The blacklist didn't demonstrate Anthropic could be punished. It demonstrated Anthropic was already inside the supply chain.
The Valuation
The market priced what the state couldn't quit. When the dispute went public in February, VC interest in Anthropic was at $380B. By mid-April, with the lawsuit pending and Mythos newly restricted to forty partners, offers reached $800B. On April 24, Forge Global's secondary-market price implied a $1 trillion valuation — passing OpenAI's $880B on the same exchange.
OpenAI still generates more revenue and dominates daily coverage. But by April the secondary markets had stopped pricing OpenAI as the more valuable AI company. The reason is structural. Revenue is the present. Institutional dependency is the future. The Pope does not call OpenAI. The FSB does not call OpenAI. The NSA buys general-purpose AI services from OpenAI; for the work of finding zero-days in deployed software, the NSA buys Mythos. The trillion-dollar valuation priced the institutional traffic — what comes after the consumer-AI revenue race ends.

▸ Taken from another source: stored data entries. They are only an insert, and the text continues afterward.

lemma continuous_on_indicator_cyl: "continuous_on UNIV (indicator (cyl w) :: seq \<Rightarrow> real)"
proof -
  have "indicator (cyl w) = (\<lambda>x::seq. (if map x [0..<length w] = w then 1 else 0 :: real))"
    by (simp add: fun_eq_iff indicator_def mem_cyl_iff_prefix)
  then show ?thesis
    using continuous_on_prefix_fun[of "\<lambda>v. if v = w then 1 else 0 :: real" "length w"] by simp
qed

lemma open_contains_cyl:
  assumes "open U" "x \<in> U"
  obtains N where "cyl (map x [0..<N]) \<subseteq> U"
proof -
  have "openin (product_topology (\<lambda>i. euclidean) UNIV) U" using assms(1) by (simp add: open_fun_def)
  from product_topology_open_contains_basis[OF this assms(2)] obtain X where
    X: "x \<in> (\<Pi>\<^sub>E i\<in>UNIV. X i)" "finite {i. X i \<noteq> UNIV}" "(\<Pi>\<^sub>E i\<in>UNIV. X i) \<subseteq> U"
    by auto
  obtain N where N: "\<forall>i\<in>{i. X i \<noteq> UNIV}. i < N"
    using finite_nat_bounded[OF X(2)] by (auto simp: lessThan_def)
  have "cyl (map x [0..<N]) \<subseteq> (\<Pi>\<^sub>E i\<in>UNIV. X i)"
  proof
    fix y assume y: "y \<in> cyl (map x [0..<N])"
    have "y i \<in> X i" for i
      using X(1) N y by (cases "i < N") (auto simp: cyl_def)
    then show "y \<in> (\<Pi>\<^sub>E i\<in>UNIV. X i)" by (simp add: PiE_iff)
  qed
  with X(3) have "cyl (map x [0..<N]) \<subseteq> U" by (rule subset_trans[rotated])
  then show ?thesis by (rule that)
qed

lemma compact_UNIV_seq: "compact (UNIV :: seq set)"
proof -
  have "compact_space (product_topology (\<lambda>i. euclidean :: bool topology) (UNIV :: nat set))"
    unfolding compact_space_product_topology
    by (simp add: compact_space_def compactin_euclidean_iff finite_imp_compact)
  then show ?thesis by (simp add: euclidean_product_topology compact_space_def)
qed

lemma uniformly_continuous_seq:
  fixes f :: "seq \<Rightarrow> real"
  assumes f: "continuous_on UNIV f" and e: "e > 0"
  obtains K where "\<And>x y. \<forall>i<K. x i = y i \<Longrightarrow> \<bar>f x - f y\<bar> < e"
proof -
  define U where "U z = f -` ball (f z) (e/2)" for z
  have "\<exists>N. cyl (map z [0..<N]) \<subseteq> U z" for z
  proof (rule open_contains_cyl)
    show "open (U z)" using f by (simp add: U_def continuous_on_open_vimage)
    show "z \<in> U z" using e by (simp add: U_def)
  qed blast
  then obtain N where N: "\<And>z. cyl (map z [0..<N z]) \<subseteq> U z" by metis
  have cover: "UNIV \<subseteq> (\<Union>z\<in>UNIV. cyl (map z [0..<N z]))"
    by (auto simp: cyl_def)
  obtain C where C: "finite C" "UNIV \<subseteq> (\<Union>z\<in>C. cyl (map z [0..<N z]))"
    by (rule compactE_image[OF compact_UNIV_seq open_cyl cover]) blast
  show ?thesis
  proof
    fix x y :: seq assume xy: "\<forall>i<Max (insert 0 (N ` C)). x i = y i"
    obtain z where z: "z \<in> C" "x \<in> cyl (map z [0..<N z])" using C(2) by blast
    have "N z \<le> Max (insert 0 (N ` C))" using C(1) z(1) by simp
    then have "y \<in> cyl (map z [0..<N z])" using z xy by (auto simp: cyl_def)
    then have "f x \<in> ball (f z) (e/2)" "f y \<in> ball (f z) (e/2)"
      using z N unfolding U_def by blast+
    then have "dist (f x) (f y) < e" by (metis dist_triangle_half_r mem_ball)
    then show "\<bar>f x - f y\<bar> < e" by (simp add: dist_real_def)
  qed
qed

lemma Int_stable_cyl: "Int_stable (insert {} (range cyl))"
proof -
  have "cyl v \<inter> cyl w \<in> insert {} (range cyl)" for v w
  proof (cases "\<exists>i < min (length v) (length w). v ! i \<noteq> w ! i")
    case True
    then have "cyl v \<inter> cyl w = {}" by (auto simp: cyl_def)
    then show ?thesis by simp
  next
    case False
    then have "cyl v \<inter> cyl w = (if length v \<le> length w then cyl w else cyl v)"
      by (auto simp: cyl_def)
    then show ?thesis by simp
  qed
  then show ?thesis unfolding Int_stable_def by auto
qed

lemma sets_borel_seq_cyl: "sets (borel :: seq measure) = sigma_sets UNIV (insert {} (range cyl))"
  unfolding sets_borel
proof (rule sigma_sets_eqI)
  fix S :: "seq set" assume "S \<in> {S. open S}"
  have "S \<subseteq> \<Union> {c \<in> range cyl. c \<subseteq> S}"
  proof
    fix x assume "x \<in> S"
    obtain N where "cyl (map x [0..<N]) \<subseteq> S"
      using open_contains_cyl[of S x] \<open>x \<in> S\<close> \<open>S \<in> {S. open S}\<close> by blast
    moreover have "x \<in> cyl (map x [0..<N])" by (simp add: cyl_def)
    ultimately show "x \<in> \<Union> {c \<in> range cyl. c \<subseteq> S}" by blast
  qed
  then have "S = \<Union> {c \<in> range cyl. c \<subseteq> S}" by blast
  also have "\<dots> \<in> sigma_sets UNIV (insert {} (range cyl))"
    by (rule sigma_sets_UNION) (auto intro: sigma_sets.Basic)
  finally show "S \<in> sigma_sets UNIV (insert {} (range cyl))" .
qed (auto intro: sigma_sets.Basic sigma_sets.Empty open_cyl)

lemma borel_measurable_shift: "shift \<in> borel_measurable borel"
proof (rule borel_measurable_continuous_onI)
  show "continuous_on UNIV shift"
    unfolding shift_def
    by (intro continuous_on_coordinatewise_then_product continuous_on_product_coordinates)
qed

section \<open>The transfer operator\<close>

definition prepend :: "bool list \<Rightarrow> seq \<Rightarrow> seq" where
  "prepend u x = foldr scons u x"

lemma prepend_Cons [simp]: "prepend (a # u) x = scons a (prepend u x)"
  and prepend_snoc: "prepend (u @ [a]) x = prepend u (scons a x)"
  by (simp_all add: prepend_def)

lemma prepend_nth_low: "i < length u \<Longrightarrow> prepend u x i = u ! i"
proof (induction u arbitrary: i)
  case (Cons a u)
  then show ?case by (cases i) auto
qed simp

lemma prepend_nth_high: "prepend u x (length u + i) = x i"
  by (induction u) (auto simp: prepend_def)

lemma transfer_iterate_mono:
  assumes "\<And>x. f x \<le> g x"
  shows "(transfer H \<beta> ^^ N) f x \<le> (transfer H \<beta> ^^ N) g x"
proof (induction N arbitrary: x)
  case (Suc N)
  then show ?case by (simp add: transfer_def add_mono mult_left_mono)
qed (simp add: assms)

lemma transfer_iterate_cmult:
  "(transfer H \<beta> ^^ N) (\<lambda>x. c * f x) x = c * (transfer H \<beta> ^^ N) f x"
proof (induction N arbitrary: x)
  case (Suc N)
  then show ?case by (simp add: transfer_def algebra_simps)
qed simp

lemma transfer_iterate_eigen:
  assumes "\<And>x. transfer H \<beta> \<Phi> x = lam * \<Phi> x"
  shows "(transfer H \<beta> ^^ N) \<Phi> x = lam ^ N * \<Phi> x"
proof (induction N arbitrary: x)
  case (Suc N)
  have "transfer H \<beta> \<Phi> = (\<lambda>x. lam * \<Phi> x)" using assms by (rule ext)
  then have "(transfer H \<beta> ^^ Suc N) \<Phi> x = lam * (transfer H \<beta> ^^ N) \<Phi> x"
    by (simp only: funpow_Suc_right comp_apply transfer_iterate_cmult)
  then show ?case by (simp add: Suc.IH)
qed simp

text \<open>The iterates of the transfer operator only see the values of \<open>f\<close> at the points \<open>u x\<close>
  with \<open>length u = N\<close>, weighted by the potential along the way; so if the potential cannot
  distinguish the prefixed points \<open>u x\<close> and \<open>u y\<close>, the iterates inherit the modulus of
  continuity of \<open>f\<close> at scale \<open>K + N\<close>.\<close>

lemma transfer_iterate_diff:
  assumes "\<forall>x' y'. (\<forall>i<K+N. x' i = y' i) \<longrightarrow> \<bar>f x' - f y'\<bar> \<le> e"
    and "\<forall>i<K. x i = y i"
    and "\<forall>u. u \<noteq> [] \<longrightarrow> H (prepend u x) = H (prepend u y)"
  shows "\<bar>(transfer H \<beta> ^^ N) f x - (transfer H \<beta> ^^ N) f y\<bar>
           \<le> e * (transfer H \<beta> ^^ N) (\<lambda>_. 1) x"
  using assms
proof (induction N arbitrary: K x y)
  case (Suc N)
  let ?g = "(transfer H \<beta> ^^ N) f" and ?o = "(transfer H \<beta> ^^ N) (\<lambda>_. 1)"
  have step: "\<bar>?g (scons a x) - ?g (scons a y)\<bar> \<le> e * ?o (scons a x)" for a
  proof (rule Suc.IH[of "Suc K"])
    show "\<forall>x' y'. (\<forall>i<Suc K + N. x' i = y' i) \<longrightarrow> \<bar>f x' - f y'\<bar> \<le> e"
      using Suc.prems(1) by simp
    show "\<forall>i<Suc K. scons a x i = scons a y i"
      using Suc.prems(2) by (auto simp: scons_def split: nat.split)
    show "\<forall>u. u \<noteq> [] \<longrightarrow> H (prepend u (scons a x)) = H (prepend u (scons a y))"
      using Suc.prems(3) by (metis prepend_snoc snoc_eq_iff_butlast)
  qed
  have H_scons: "H (scons a x) = H (scons a y)" for a
    using Suc.prems(3)[rule_format, of "[a]"] by (simp add: prepend_def)
  have "\<bar>(transfer H \<beta> ^^ Suc N) f x - (transfer H \<beta> ^^ Suc N) f y\<bar>
     = \<bar>exp (- \<beta> * H (scons False x)) * (?g (scons False x) - ?g (scons False y)) +
        exp (- \<beta> * H (scons True x)) * (?g (scons True x) - ?g (scons True y))\<bar>"
    by (simp add: transfer_def H_scons algebra_simps)
  also have "\<dots> \<le> exp (- \<beta> * H (scons False x)) * \<bar>?g (scons False x) - ?g (scons False y)\<bar> +
        exp (- \<beta> * H (scons True x)) * \<bar>?g (scons True x) - ?g (scons True y)\<bar>"
    by (metis (no_types, lifting) abs_exp_cancel abs_mult abs_triangle_ineq)
  also have "\<dots> \<le> exp (- \<beta> * H (scons False x)) * (e * ?o (scons False x)) +
        exp (- \<beta> * H (scons True x)) * (e * ?o (scons True x))"
    by (intro add_mono mult_left_mono step) auto
  also have "\<dots> = e * (transfer H \<beta> ^^ Suc N) (\<lambda>_. 1) x"
    by (simp add: transfer_def algebra_simps)
  finally show ?case .
qed simp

What the Designation Was For
Every system has an original purpose. The DOD's supply chain risk framework was built to keep American military procurement out of Chinese-controlled or otherwise compromised suppliers. The label was designed to push companies out of the supply chain. When the Pentagon used it on an American AI lab, the framework did something it had never done before: it sorted the lab into a category that confirmed centrality rather than enforced exclusion. To be a supply chain risk to the US national-security apparatus, a company has to first be in the supply chain.
Each phase looked like an ending. The blacklist was supposed to end Anthropic's federal trajectory. It became a sorting step. The lawsuit was supposed to be the last resort. It became an institutional positioning event. The April Mythos restriction was supposed to limit access. It turned Anthropic's safety governance into the architecture by which the federal government, the FSB, and the Vatican identify the company they trust. Not because anyone wanted that outcome. Because the conditions changed: when Mythos's cyber capabilities crossed a threshold no other lab had reached, the cost of routing around Anthropic became higher than the cost of accepting its terms.
The Catholic Church, an institution that thinks in centuries, has chosen the AI lab whose moral framework most resembles its own — not as audience for the encyclical but as participant. The FSB, which coordinates central banks against systemic risk, has identified its first AI counterparty. The Pentagon, which called Anthropic a supply chain risk in February, is now deploying its model across the US government. The risk designation was correct. It just described the supplier the state cannot replace.